### [Working data]
....
lemma square_integrable_sections:
  fixes M :: "nat \<Rightarrow> real measure" and g :: "(nat \<Rightarrow> real) \<Rightarrow> real"
  assumes prob: "\<And>i. prob_space (M i)" and "finite I" "U \<subseteq> I"
    and gm: "g \<in> borel_measurable (PiM I M)" and g2: "integrable (PiM I M) (\<lambda>\<theta>. (g \<theta>)\<^sup>2)"
  shows "AE x in PiM U M. integrable (PiM (I - U) M) (\<lambda>y. (g (merge_pt U x y))\<^sup>2)"
    and "integrable (PiM U M) (\<lambda>x. \<integral>y. (g (merge_pt U x y))\<^sup>2 \<partial>PiM (I - U) M)"
    and "(\<integral>x. \<integral>y. (g (merge_pt U x y))\<^sup>2 \<partial>PiM (I - U) M \<partial>PiM U M) = (\<integral>\<theta>. (g \<theta>)\<^sup>2 \<partial>PiM I M)"
proof -
  have I: "U \<inter> (I - U) = {}" "finite U" "finite (I - U)" and UI: "U \<union> I = I"
    using assms(2,3) finite_subset by auto
  have sf: "\<And>i. sigma_finite_measure (M i)" by (simp add: prob prob_space_imp_sigma_finite)
  interpret PU: prob_space "PiM U M" by (rule prob_space_PiM[OF prob])
  interpret PV: prob_space "PiM (I - U) M" by (rule prob_space_PiM[OF prob])
  interpret UV: pair_sigma_finite "PiM U M" "PiM (I - U) M" ..
  have "integrable (PiM U M \<Otimes>\<^sub>M PiM (I - U) M) (\<lambda>z. (g (merge_pt U (fst z) (snd z)))\<^sup>2)"
    using integrable_merge_pt_iff[of M U "I - U", OF sf I, where \<phi>="\<lambda>\<theta>. (g \<theta>)\<^sup>2"] gm g2 by (simp add: UI)
  from UV.AE_integrable_fst'[OF this] UV.integrable_fst'[OF this]
  show "AE x in PiM U M. integrable (PiM (I - U) M) (\<lambda>y. (g (merge_pt U x y))\<^sup>2)"
    and "integrable (PiM U M) (\<lambda>x. \<integral>y. (g (merge_pt U x y))\<^sup>2 \<partial>PiM (I - U) M)"
    by simp_all
  show "(\<integral>x. \<integral>y. (g (merge_pt U x y))\<^sup>2 \<partial>PiM (I - U) M \<partial>PiM U M) = (\<integral>\<theta>. (g \<theta>)\<^sup>2 \<partial>PiM I M)"
    using integral_PiM_merge_pt[of M U "I - U", OF sf I, where \<phi>="\<lambda>\<theta>. (g \<theta>)\<^sup>2"] g2 by (simp add: UI)
qed

lemma sob_condE_moments:
  fixes M :: "nat \<Rightarrow> real measure" and f :: "'a \<Rightarrow> (nat \<Rightarrow> real) \<Rightarrow> real"
  assumes prob: "\<And>i. prob_space (M i)" and I: "finite I" "U \<subseteq> I"
    and fm: "f s \<in> borel_measurable (PiM I M)" and f2: "integrable (PiM I M) (\<lambda>\<theta>. (f s \<theta>)\<^sup>2)"
  shows "sob_condE M I U f s \<in> borel_measurable (PiM U M)"
    and "integrable (PiM U M) (\<lambda>x. (sob_condE M I U f s x)\<^sup>2)"
    and "(\<integral>x. sob_condE M I U f s x \<partial>PiM U M) = sob_f0 M I f s"
    and "(\<integral>x. (sob_condE M I U f s x)\<^sup>2 \<partial>PiM U M) \<le> (\<integral>\<theta>. (f s \<theta>)\<^sup>2 \<partial>PiM I M)"
    and "AE x in PiM U M. (sob_condE M I U f s x)\<^sup>2 \<le> (\<integral>y. (f s (merge_pt U x y))\<^sup>2 \<partial>PiM (I - U) M)"
proof -
  interpret PV: prob_space "PiM (I - U) M" by (rule prob_space_PiM[OF prob])
  interpret PI: prob_space "PiM I M" by (rule prob_space_PiM[OF prob])
  have sf: "\<And>i. sigma_finite_measure (M i)" by (simp add: prob prob_space_imp_sigma_finite)
  have I': "U \<inter> (I - U) = {}" "finite U" "finite (I - U)" and UI: "U \<union> I = I"
    using I finite_subset by auto
  define c where "c = sob_condE M I U f s"
  have c: "c = (\<lambda>x. \<integral>y. f s (merge_pt U x y) \<partial>PiM (I - U) M)"
    by (simp add: c_def fun_eq_iff sob_condE_def)
  define F where "F = (\<lambda>x. \<integral>y. (f s (merge_pt U x y))\<^sup>2 \<partial>PiM (I - U) M)"
  note sections = square_integrable_sections[where M=M and g="f s", OF prob I fm f2, folded F_def]
  note [measurable] = fm
  show cm: "sob_condE M I U f s \<in> borel_measurable (PiM U M)"
    unfolding c[unfolded c_def] by measurable (use I in auto)
  show c2F: "AE x in PiM U M. (c x)\<^sup>2 \<le> F x"
    using sections(1) AE_space
  proof eventually_elim
    case (elim x)
    have "integrable (PiM (I - U) M) (\<lambda>y. f s (merge_pt U x y))"
      using measurable_merge_pt_section[OF fm I(2) elim(2)] elim(1)
      by (rule PV.square_integrable_imp_integrable)
    then show ?case
      using PV.variance_positive[of "\<lambda>y. f s (merge_pt U x y)"] PV.variance_eq[OF _ elim(1)]
      unfolding c_def sob_condE_def F_def by linarith
  qed
  have F_nonneg: "0 \<le> F x" for x
    unfolding F_def by (rule Bochner_Integration.integral_nonneg) simp
  show c2: "integrable (PiM U M) (\<lambda>x. (sob_condE M I U f s x)\<^sup>2)"
    by (rule Bochner_Integration.integrable_bound[OF sections(2)])
      (use cm c2F F_nonneg in \<open>auto simp: c_def elim!: eventually_mono\<close>)
  show "(\<integral>x. sob_condE M I U f s x \<partial>PiM U M) = sob_f0 M I f s"
    using integral_PiM_merge_pt[of M U "I - U", OF sf I', where \<phi>="f s"] PI.square_integrable_imp_integrable[OF fm f2]
    by (simp add: sob_f0_def sob_condE_def UI)
  show "(\<integral>x. (sob_condE M I U f s x)\<^sup>2 \<partial>PiM U M) \<le> (\<integral>\<theta>. (f s \<theta>)\<^sup>2 \<partial>PiM I M)"
    unfolding sections(3)[symmetric] c_def[symmetric]
    by (rule integral_mono_AE[OF c2[folded c_def] sections(2) c2F])
qed
lemma mlin_near_pure:
  assumes fin: "\<And>j. j < n \<Longrightarrow> finite (A j)" and mixed: "\<And>j. j < n \<Longrightarrow> is_mixed A j (\<sigma> j)"
    and a: "a \<in> PiE {..<n} A" and bound: "\<And>a'. a' \<in> PiE {..<n} A \<Longrightarrow> \<bar>u a'\<bar> \<le> M"
    and near: "\<And>j. j < n \<Longrightarrow> 1 - \<eta> \<le> \<sigma> j (a j)"
  shows "\<bar>mlin n A u \<sigma> - u a\<bar> \<le> 2 * M * (real n * \<eta>)"
proof -
  define P where "P = (\<lambda>a'. \<Prod>j<n. \<sigma> j (a' j))"
  have "\<bar>mlin n A u \<sigma> - u a\<bar> \<le> 2 * M * (1 - P a)"
    unfolding mlin_def P_def
  proof (rule weighted_sum_dist_le[OF _ a _ _ bound])
    show "finite (PiE {..<n} A)" using fin by (intro finite_PiE) auto
    show "0 \<le> (\<Prod>j<n. \<sigma> j (a' j))" for a'
      using mixed by (intro prod_nonneg) (auto simp: is_mixed_def)
  qed (rule sum_PiE_mixed_eq_1[OF fin mixed])
  also have "\<dots> \<le> 2 * M * (real n * \<eta>)"
  proof (rule mult_left_mono)
    have bounded: "0 \<le> \<sigma> j (a j) \<and> \<sigma> j (a j) \<le> 1" if "j < n" for j
      using mixed[OF that] is_mixed_le_1[OF mixed[OF that] fin[OF that]] by (simp add: is_mixed_def)
    have "\<bar>P a - (\<Prod>j<n. 1)\<bar> \<le> (\<Sum>j<n. \<bar>\<sigma> j (a j) - 1\<bar>)"
      unfolding P_def using bounded norm_prod_diff[of "{..<n}" "\<lambda>j. \<sigma> j (a j)" "\<lambda>_. 1"] by simp
    also have "\<dots> \<le> (\<Sum>j<n. \<eta>)"
    proof (rule sum_mono)
      fix j assume "j \<in> {..<n}"
      then show "\<bar>\<sigma> j (a j) - 1\<bar> \<le> \<eta>" using bounded[of j] near[of j] by simp
    qed
    finally show "1 - P a \<le> real n * \<eta>" by simp
    show "0 \<le> 2 * M" using bound[OF a] by simp
  qed
  finally show ?thesis .
qed

lemma mlin_abs_le:
  assumes "\<And>j. j < n \<Longrightarrow> finite (A j)" "\<And>j. j < n \<Longrightarrow> is_mixed A j (\<sigma> j)"
    and "\<And>a'. a' \<in> PiE {..<n} A \<Longrightarrow> \<bar>u a'\<bar> \<le> M"
  shows "\<bar>mlin n A u \<sigma>\<bar> \<le> M"
proof -
  have weights: "\<And>a'. 0 \<le> (\<Prod>j<n. \<sigma> j (a' j))" "(\<Sum>a'\<in>PiE {..<n} A. \<Prod>j<n. \<sigma> j (a' j)) = 1"
    using assms(2) sum_PiE_mixed_eq_1[OF assms(1,2)] by (auto intro: prod_nonneg simp: is_mixed_def)
  have bounds: "- M \<le> u a' \<and> u a' \<le> M" if "a' \<in> PiE {..<n} A" for a'
    using assms(3)[OF that] by linarith
  have "mlin n A u \<sigma> \<le> M" "- M \<le> mlin n A u \<sigma>"
    unfolding mlin_def using weights bounds by (auto intro!: weighted_sum_le weighted_sum_ge)
  then show ?thesis by simp
qed

section \<open>Equilibria and a mutant with a dominant action\<close>

lemma play_mixed:
  assumes "is_equilibrium n A p \<mu> b s" "\<theta> \<in> tprofiles n \<mu>" "j < n"
  shows "is_mixed A j (play b s \<theta> T j)"
proof -
  have "\<theta> j \<in> tsupp (\<mu> j)" using assms(2,3) by (auto simp: tprofiles_def PiE_iff)
  then show ?thesis using assms unfolding is_equilibrium_def play_def by auto
qed

lemma fun_upd_in_tprofiles:
  assumes "\<theta>' \<in> PiE ({..<n} - {i}) (\<lambda>j. tsupp (\<mu> j))" "i < n" "t \<in> tsupp (\<mu> i)"
  shows "\<theta>'(i := t) \<in> tprofiles n \<mu>"
  using assms by (auto simp: tprofiles_def PiE_iff extensional_def)

lemma opponent_weights:
  assumes "\<And>j. j < n \<Longrightarrow> j \<noteq> i \<Longrightarrow> is_tdist n A (\<mu> j)"
  shows "(\<Sum>\<theta>'\<in>PiE ({..<n} - {i}) (\<lambda>j. tsupp (\<mu> j)). \<Prod>j\<in>{..<n} - {i}. \<mu> j (\<theta>' j)) = 1"
    and "0 \<le> (\<Prod>j\<in>{..<n} - {i}. \<mu> j (\<theta>' j))"
  using assms by (auto intro!: sum_PiE_prod_eq_1 prod_nonneg simp: is_tdist_def)

lemma tsupp_nonempty:
  assumes "is_popdist n A \<mu>" "i < n"
  shows "tsupp (\<mu> i) \<noteq> {}"
  using assms by (auto simp: is_popdist_def is_tdist_def)

definition dominant_type :: "nat \<Rightarrow> (nat \<Rightarrow> 'a set) \<Rightarrow> nat \<Rightarrow> 'a \<Rightarrow> real \<Rightarrow> 'a ptype" where
  "dominant_type n A i x c = (\<lambda>a'. if a' \<in> PiE {..<n} A \<and> a' i = x then c else 0)"

lemma dominant_type_in_Theta: "dominant_type n A i x c \<in> Theta n A"
  by (simp add: dominant_type_def Theta_def)

lemma ex_fresh_dominant_type:
  assumes "finite F" "a \<in> PiE {..<n} A" "i < n" "x \<in> A i"
  obtains c where "0 < c" "dominant_type n A i x c \<notin> F"
proof -
  have "a(i := x) \<in> PiE {..<n} A" using assms(2-4) by (auto simp: PiE_iff extensional_def)
  then have "inj (\<lambda>k::nat. dominant_type n A i x (real (Suc k)))"
    by (intro injI) (drule fun_cong[of _ _ "a(i := x)"], simp add: dominant_type_def)
  then have "finite ((\<lambda>k::nat. dominant_type n A i x (real (Suc k))) -` F)"
    using assms(1) by (intro finite_vimageI)
  then obtain k where "dominant_type n A i x (real (Suc k)) \<notin> F"
    using ex_new_if_finite[OF infinite_UNIV_nat] by blast
  then show ?thesis using that[of "real (Suc k)"] by simp
qed

lemma mlin_dominant_type:
  assumes fin: "\<And>j. j < n \<Longrightarrow> finite (A j)"
    and mixed: "\<And>j. j < n \<Longrightarrow> j \<noteq> i \<Longrightarrow> is_mixed A j (\<tau> j)"
    and "i < n" "x \<in> A i"
  shows "mlin n A (dominant_type n A i x c) \<tau> = c * \<tau> i x"
proof -
  define \<tau>' where "\<tau>' = \<tau>(i := (\<lambda>y. if y = x then \<tau> i y else 0))"
  have "(\<Prod>j<n. \<tau> j (a' j)) * dominant_type n A i x c a' = c * (\<Prod>j<n. \<tau>' j (a' j))"
    if "a' \<in> PiE {..<n} A" for a'
  proof -
    have "(\<Prod>j<n. \<tau>' j (a' j)) = \<tau>' i (a' i) * (\<Prod>j\<in>{..<n} - {i}. \<tau> j (a' j))"
      using \<open>i < n\<close> by (simp add: prod.remove \<tau>'_def)
    also have "\<dots> = (if a' i = x then \<Prod>j<n. \<tau> j (a' j) else 0)"
      using \<open>i < n\<close> by (simp add: prod.remove \<tau>'_def)
    finally show ?thesis using that by (simp add: dominant_type_def)
  qed
  then have "mlin n A (dominant_type n A i x c) \<tau> = c * (\<Prod>j<n. \<Sum>y\<in>A j. \<tau>' j y)"
    using prod_sum_PiE[of "{..<n}" A \<tau>'] fin by (simp add: mlin_def sum_distrib_left)
  also have "(\<Prod>j<n. \<Sum>y\<in>A j. \<tau>' j y) = (\<Sum>y\<in>A i. \<tau>' i y) * (\<Prod>j\<in>{..<n} - {i}. \<Sum>y\<in>A j. \<tau> j y)"
    using \<open>i < n\<close> by (simp add: prod.remove \<tau>'_def)
  also have "\<dots> = \<tau> i x"
    using fin[OF \<open>i < n\<close>] \<open>x \<in> A i\<close> mixed by (simp add: \<tau>'_def sum.delta is_mixed_def)
  finally show ?thesis .
qed

context
  fixes n :: nat and A :: "nat \<Rightarrow> 'a set" and p c :: real and \<mu> b s i x
  assumes fin: "\<And>j. j < n \<Longrightarrow> finite (A j)" and eq: "is_equilibrium n A p \<mu> b s"
    and i: "i < n" and x: "x \<in> A i"
begin

lemma obs_payoff_dominant_type:
  assumes "\<theta> \<in> tprofiles n \<mu>" "\<theta> i = dominant_type n A i x c"
  shows "obs_payoff n A p b s \<theta> i \<sigma> = c * \<sigma> x"
proof -
  have "mlin n A (\<theta> i) ((play b s \<theta> T)(i := \<sigma>)) = c * \<sigma> x" for T
    using assms play_mixed[OF eq assms(1)] by (simp add: mlin_dominant_type fin i x)
  moreover have "card ({..<n} - {i}) = n - 1" using i by simp
  ultimately show ?thesis
    using sum_binomial_weights[of "{..<n} - {i}" p]
    by (simp add: obs_payoff_def sum_distrib_right[symmetric])
qed

lemma unobs_payoff_dominant_type:
  assumes "\<And>j. j < n \<Longrightarrow> j \<noteq> i \<Longrightarrow> is_tdist n A (\<mu> j)"
    and "dominant_type n A i x c \<in> tsupp (\<mu> i)"
  shows "unobs_payoff n A p \<mu> b s i (dominant_type n A i x c) \<sigma> = c * \<sigma> x"
proof -
  have "unobs_payoff n A p \<mu> b s i (dominant_type n A i x c) \<sigma>
      = (\<Sum>\<theta>'\<in>PiE ({..<n} - {i}) (\<lambda>j. tsupp (\<mu> j)). (\<Prod>j\<in>{..<n} - {i}. \<mu> j (\<theta>' j)) * (c * \<sigma> x))"
    unfolding unobs_payoff_def
    by (intro sum.cong refl arg_cong2[where f = "(*)"] obs_payoff_dominant_type
        fun_upd_in_tprofiles i assms(2)) auto
  then show ?thesis
    using opponent_weights(1)[OF assms(1)] by (simp add: sum_distrib_right[symmetric])
qed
....
In the listing above, locate the line containing "by (intro injI)" and the line containing "using assms(1) by (intro finite_vimageI)". Transcribe those two lines and everything between them, exactly as written.

    by (intro injI) (drule fun_cong[of _ _ "a(i := x)"], simp add: dominant_type_def)
  then have "finite ((\<lambda>k::nat. dominant_type n A i x (real (Suc k))) -` F)"
    using assms(1) by (intro finite_vimageI)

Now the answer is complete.